All of my identification currently has my maiden name because no one will help me start the process. 

Social Security Office will NOT channge my name because they require a drivers license, or employee ID, or passport with my married name printed on it.

DMV, Passport Canada, or my employer will NOT change my name unless they see it printed on my social security card. please refer to above.

Green card forms also ask for identification. I'm guessing with my married name? since hat is what it says on the marriage certificate?

How do I go about this when there is absolutley no where to start? 

Also it turns out that on marriage certificate they put my maiden name as my "middle name" and husbands name as my last name.

Should I go to the county clerk's office and change it to the hyphenated last name that I wanted?
Someone at Passport Canada I spoke with stated that Canada "might" accept a municipal card like a library card with my married name on it at a form of ID. But looking on the library website, they require something printed in my married name as well. I can't win!! 

I need to renew my Canadian passport ASAP because i want to work on my green card application. 
Would it be easier to just keep my maiden name for now, and still have the marriage certificate state my last name as my husbands? I mean nobody else will change it for me regardless of what it says on the certificate anyways!

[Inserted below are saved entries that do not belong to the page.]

lemma pairing_pow_left_of_commute:
  assumes x: "x \<in> carrier G" and k: "k \<in> carrier G" and xk: "x \<otimes> k = k \<otimes> x"
  shows "t (x [^] i) k = t x k [^]\<^bsub>T\<^esub> (i::nat)"
proof (induction i)
  case 0
  show ?case
    using k by (simp add: pairing_one_left)
next
  case (Suc i)
  have "t (x [^] Suc i) k = t (x \<otimes> x [^] i) k"
    by (simp only: G.nat_pow_Suc2[OF x])
  also have "\<dots> = t (x [^] i) k \<otimes>\<^bsub>T\<^esub> t x k"
    using pairing_mult_left[of x "x [^] i" k] x k xk by (simp add: G.conjg_pow_self G.conjg_commute)
  finally show ?case
    using Suc by simp
qed

context
  fixes x g
  assumes x: "x \<in> carrier G" and g: "g \<in> carrier G"
    and commute: "x \<otimes> commutator G x g = commutator G x g \<otimes> x"
begin

lemma pairing_pow_Suc_left:
  "t (x [^] Suc i) g
   = t x (commutator G x g) [^]\<^bsub>T\<^esub> i \<otimes>\<^bsub>T\<^esub> t x g \<otimes>\<^bsub>T\<^esub> t (x [^] i) g"
proof -
  let ?k = "commutator G x g"
  have k: "?k \<in> carrier G"
    using x g by simp
  have "t (x [^] Suc i) g = t (x \<otimes> x [^] i) g"
    by (simp only: G.nat_pow_Suc2[OF x])
  also have "\<dots> = t (x [^] i) (conjg G x g) \<otimes>\<^bsub>T\<^esub> t x g"
    using pairing_mult_left[of x "x [^] i" g] x g by (simp add: G.conjg_pow_self)
  also have "conjg G x g = ?k \<otimes> g"
    using x g by (simp add: commutator_def conjg_def G.m_assoc)
  also have "t (x [^] i) (?k \<otimes> g)
      = t x ?k [^]\<^bsub>T\<^esub> i \<otimes>\<^bsub>T\<^esub> t (conjg G ?k (x [^] i)) (conjg G ?k g)"
    using pairing_mult_right[of "x [^] i" ?k g] pairing_pow_left_of_commute[OF x k commute] x g
    by simp
  also have "\<dots> \<otimes>\<^bsub>T\<^esub> t x g
      = t x ?k [^]\<^bsub>T\<^esub> i \<otimes>\<^bsub>T\<^esub> (t (conjg G ?k (x [^] i)) (conjg G ?k g) \<otimes>\<^bsub>T\<^esub> t x g)"
    using x g k by (simp add: T.m_assoc)
  also have "t (conjg G ?k (x [^] i)) (conjg G ?k g) \<otimes>\<^bsub>T\<^esub> t x g = t x g \<otimes>\<^bsub>T\<^esub> t (x [^] i) g"
    using pairing_conjg_commutator[OF x g, of "x [^] i" g] x g by simp
  finally show ?thesis
    using x g k by (simp add: T.m_assoc)
qed

lemma pairing_pow_left:
  "t (x [^] i) g = t x (commutator G x g) [^]\<^bsub>T\<^esub> (i choose 2) \<otimes>\<^bsub>T\<^esub> t x g [^]\<^bsub>T\<^esub> i"
proof (induction i)
  case 0
  show ?case
    using g by (simp add: pairing_one_left numeral_2_eq_2)
next
  case (Suc i)
  define z where "z = t x (commutator G x g)"
  define y where "y = t x g"
  have z: "z \<in> carrier T" and y: "y \<in> carrier T"
    using x g by (simp_all add: z_def y_def)
  have "y \<otimes>\<^bsub>T\<^esub> z = z \<otimes>\<^bsub>T\<^esub> y"
    using pairing_commute_of_commute[OF x _ x g commute] x g by (simp add: y_def z_def)
  then have yz: "y \<otimes>\<^bsub>T\<^esub> z [^]\<^bsub>T\<^esub> n = z [^]\<^bsub>T\<^esub> n \<otimes>\<^bsub>T\<^esub> y" for n :: nat
    using T.group_commutes_pow[of z y n] y z by simp
  have "t (x [^] Suc i) g = z [^]\<^bsub>T\<^esub> i \<otimes>\<^bsub>T\<^esub> y \<otimes>\<^bsub>T\<^esub> (z [^]\<^bsub>T\<^esub> (i choose 2) \<otimes>\<^bsub>T\<^esub> y [^]\<^bsub>T\<^esub> i)"
    using pairing_pow_Suc_left Suc by (simp add: y_def z_def)
  also have "\<dots> = z [^]\<^bsub>T\<^esub> i \<otimes>\<^bsub>T\<^esub> z [^]\<^bsub>T\<^esub> (i choose 2) \<otimes>\<^bsub>T\<^esub> (y \<otimes>\<^bsub>T\<^esub> y [^]\<^bsub>T\<^esub> i)"
    using y z by (simp add: T.m_assoc yz flip: T.m_assoc[of y])
  also have "\<dots> = z [^]\<^bsub>T\<^esub> (Suc i choose 2) \<otimes>\<^bsub>T\<^esub> y [^]\<^bsub>T\<^esub> Suc i"
    using y z by (simp add: T.nat_pow_mult numeral_2_eq_2 add.commute T.nat_pow_Suc2[symmetric] del: T.nat_pow_Suc)
  finally show ?case
    by (simp add: y_def z_def)
qed

lemma ord_pairing_dvd:
  assumes "odd (G.ord x)"
  shows "T.ord (t x g) dvd G.ord x"
proof -
  let ?m = "G.ord x"
  obtain r where "?m = 2 * r + 1"
    using assms by (blast elim: oddE)
  then have r: "?m choose 2 = ?m * r"
    by (simp add: choose_two algebra_simps)
  have "t x (commutator G x g) [^]\<^bsub>T\<^esub> ?m = \<one>\<^bsub>T\<^esub>"
    using pairing_pow_left_of_commute[OF x _ commute, of ?m] x g by (simp add: pairing_one_left)
  then have "t x (commutator G x g) [^]\<^bsub>T\<^esub> (?m choose 2) = \<one>\<^bsub>T\<^esub>"
    using x g by (simp add: r T.nat_pow_pow [symmetric])
  then have "t x g [^]\<^bsub>T\<^esub> ?m = \<one>\<^bsub>T\<^esub>"
    using pairing_pow_left[of ?m] x g by (simp add: pairing_one_left)
  then show ?thesis
    using x g by (simp add: T.pow_eq_id)
qed

end

end

lemma tensor_crossed_pairing:
  assumes "group G"
  shows "crossed_pairing G (tensor_square G) (tensor G)"
proof -
  interpret G: group G by fact
  have tw: "[((a, b), True)] \<in> twords G" if "a \<in> carrier G" "b \<in> carrier G" for a b
    using that by (simp add: twords_def)
  have mult: "tensor G a b \<otimes>\<^bsub>tensor_square G\<^esub> tensor G c d = teq G `` {[((a, b), True), ((c, d), True)]}"
    if "a \<in> carrier G" "b \<in> carrier G" "c \<in> carrier G" "d \<in> carrier G" for a b c d
    using tensor_square_mult_classes[OF assms tw[of a b] tw[of c d]] that by (simp add: tensor_def)
  have class_eq: "teq G `` {u} = teq G `` {v}" if "(u, v) \<in> teq G" for u v
    using equiv_class_eq[OF equiv_teq[OF assms] that] .
  show ?thesis
  proof (intro crossed_pairing.intro crossed_pairing_axioms.intro assms tensor_square_group)
    show "tensor G g h \<in> carrier (tensor_square G)" if "g \<in> carrier G" "h \<in> carrier G" for g h
      using tw[OF that] by (auto simp: tensor_def tensor_square_def intro: quotientI)
    show "tensor G (g \<otimes>\<^bsub>G\<^esub> g') h
        = tensor G (conjg G g g') (conjg G g h) \<otimes>\<^bsub>tensor_square G\<^esub> tensor G g h"
      if "g \<in> carrier G" "g' \<in> carrier G" "h \<in> carrier G" for g g' h
      using mult class_eq[OF teq_rel1[OF that]] that by (simp add: tensor_def)
    show "tensor G g (h \<otimes>\<^bsub>G\<^esub> h')
        = tensor G g h \<otimes>\<^bsub>tensor_square G\<^esub> tensor G (conjg G h g) (conjg G h h')"
      if "g \<in> carrier G" "h \<in> carrier G" "h' \<in> carrier G" for g h h'
      using mult class_eq[OF teq_rel2[OF that]] that by (simp add: tensor_def)
  qed
qed

section \<open>Central series\<close>

fun upper_central :: "('a, 'b) monoid_scheme \<Rightarrow> nat \<Rightarrow> 'a set" where
  "upper_central G 0 = {\<one>\<^bsub>G\<^esub>}"
| "upper_central G (Suc k) =
     {z \<in> carrier G. \<forall>g \<in> carrier G. commutator G z g \<in> upper_central G k}"

context group
begin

Someone please help me??? I have a huge headache!
Or at least please tell me that I'm not the only one going thru this, 
Thank you in advance


----------



## MarylandNed (May 11, 2010)

Print this out:

Change name on a Social Security card

Then go back to the Social Security office and ask to see a supervisor - or go to a different office. Your marriage certificate and old ID should be enough to obtain a new Social Security card with your new name.


----------